Черный дал нам кофе и каждому по тяжелому изделию из теста, посыпанному сахарной пудрой, как рожа старой красавицы. Изделие было жирным, как свинина и сладким, как копченый финик. Откинув капюшон парки, Бощаговский вгрызся в мякоть. Поглядев как он жрет, некрасиво, но с наслаждением, я, вернувшись к своим мыслям, решил, что, по-видимому, Нью-Йорк по своей психологической структуре ничем не отличается от Киева. А Борщаговский явился из Киева. Я посетил когда-то Киев два раза и был поражен жопастой сущностью города столицы Украинской республики. Детство мое и ранняя юность прошли в Харькове, бывшей столице этой республики. Харьков был скучным университетским и заводским городом, но я всегда находил его тоньше, неврастеничнее и интеллигентнее Киева. Харьков переживал жизнь, нервничал. Киев самодовольно нагуливал жиры над Днепром: жители были толще и спокойнее.
"Нью-Йорк не похож на твой Киев, как ты считаешь?" - Я съел треть изделия и остановился отдохнуть.
"Не знаю, маленький, я не психоаналитик... Дался тебе Киев. Дела надо делать, а не философствовать. Нашел бы мне лучше богатую шмару. Я бы тебя впоследствии отблагодарил..."
"Ты же знаешь, Давид, вокруг меня одни пэдэ..."
Он захохотал так же грубо, как жрал до этого. "Пэдэ, маленький, очень любят дружить с богатыми старушками. А мне и нужна богатая старушка, я же тебе объяснял."
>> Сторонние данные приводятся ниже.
lemma Suc_nat_floor_le_card_Diff:
  assumes "finite S" "e \<le> 1" "real (card (S \<inter> A)) < e * real (card S)"
  shows "Suc (nat \<lfloor>(1 - e) * real (card S)\<rfloor>) \<le> card (S - A)"
proof -
  have "card (S - A) = card S - card (S \<inter> A)"
    using assms(1) by (simp add: card_Diff_subset_Int)
  moreover have "card (S \<inter> A) \<le> card S"
    using assms(1) by (intro card_mono) auto
  ultimately have "(1 - e) * real (card S) < real (card (S - A))"
    using assms(3) by (simp add: algebra_simps)
  then have "\<lfloor>(1 - e) * real (card S)\<rfloor> < int (card (S - A))"
    by (simp add: floor_less_iff)
  moreover have "0 \<le> \<lfloor>(1 - e) * real (card S)\<rfloor>"
    using assms(2) by simp
  ultimately show ?thesis
    by (simp add: Suc_le_eq nat_less_iff)
qed

theorem lemma3p1:
  fixes S :: "'a::real_vector set" and m D :: nat and p \<epsilon> :: real
  assumes "0 < p" "p < 1" "0 < \<epsilon>" "\<epsilon> < 1"
    and "finite S" "card S = m"
    and "dim (span S) \<le> D"
  shows "measure_pmf.prob (random_subset S p) {T. real (card (S \<inter> span T)) < \<epsilon> * real m}
           \<le> measure_pmf.prob (binomial_pmf m ((1 - \<epsilon>) * p)) {..D}"
proof -
  have p: "0 \<le> p" "p \<le> 1" and d: "0 \<le> 1 - \<epsilon>" "1 - \<epsilon> \<le> 1"
    using assms(1-4) by auto
  define F where "F = Suc (nat \<lfloor>(1 - \<epsilon>) * real m\<rfloor>)"
  have "measure_pmf.prob (random_subset S p) {T. real (card (S \<inter> span T)) < \<epsilon> * real m} \<le>
      measure_pmf.prob (random_subset S p) {T. F \<le> card (S - span T)}"
    using Suc_nat_floor_le_card_Diff[OF assms(5)] assms(4,6) unfolding F_def
    by (intro measure_pmf.finite_measure_mono) auto
  also have "\<dots> \<le> negbin_tail p F D"
    using prob_card_outside_span_le_negbin_tail[of S "{}" D p F] assms(5,7) p by simp
  also have "\<dots> \<le> lin_interp (\<lambda>k. negbin_tail p k D) ((1 - \<epsilon>) * real m)"
    unfolding F_def using negbin_tail_antimono_fail[OF p] by (rule lin_interp_ge_Suc_floor)
  also have "\<dots> \<le> measure_pmf.prob (binomial_pmf m ((1 - \<epsilon>) * p)) {..D}"
    using p d by (rule lin_interp_negbin_tail_le_binomial)
  finally show ?thesis .
qed

end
Я нравился Борщаговскому. Он начал с того, что объявил себя поклонником моего журналистского таланта. "Забияка, этакий, хулиган!" - хлопал он меня по плечу, приходя в "Русское Дело" давать какие-то подозрительные объявления. И, наклоняясь к моему уху, шептал так, чтобы не слышали другие сотрудники; "Учи английский, и вали из этой богадельни на хуй! Далеко пойдешь... У тебя размах есть. Как и у меня, безуминка в крови..." Что-то общее между нами несомненно было. "Безуминка в крови?" Мы Таки были слегка безумны, я и этот упитанный еврей, лишь по-разному. Иначе почему бы он со мной общался. А он общался, И однажды даже устроил для меня и моего приятеля Львовского богатый обед, кормил нас икрой и поил водкой. Ни я, ни Львовский, никому на хуй были не нужны, нас обоих к тому времени выставили из русской эмигрантской газеты, а вот Борщаговский почему-то интересовался изгоями. Львовский было предположил, что "жирный Давид стучит для ФВ1", но под давлением моих насмешек вынужден был снять обвинение: "Кто мы такие, Львовский, в конце-концов? Устраивать нам вечера с икрой и водкой, чтобы выяснить наше мировоззрение? Да мы с вами выбалтываем его каждый день добровольно по десятку раз кому угодно... Борщаговский сам чокнутый, потому его к нам тянет. Только он веселый и положительно чокнутый, а мы с вами серьезные и отрицательно чокнутые..."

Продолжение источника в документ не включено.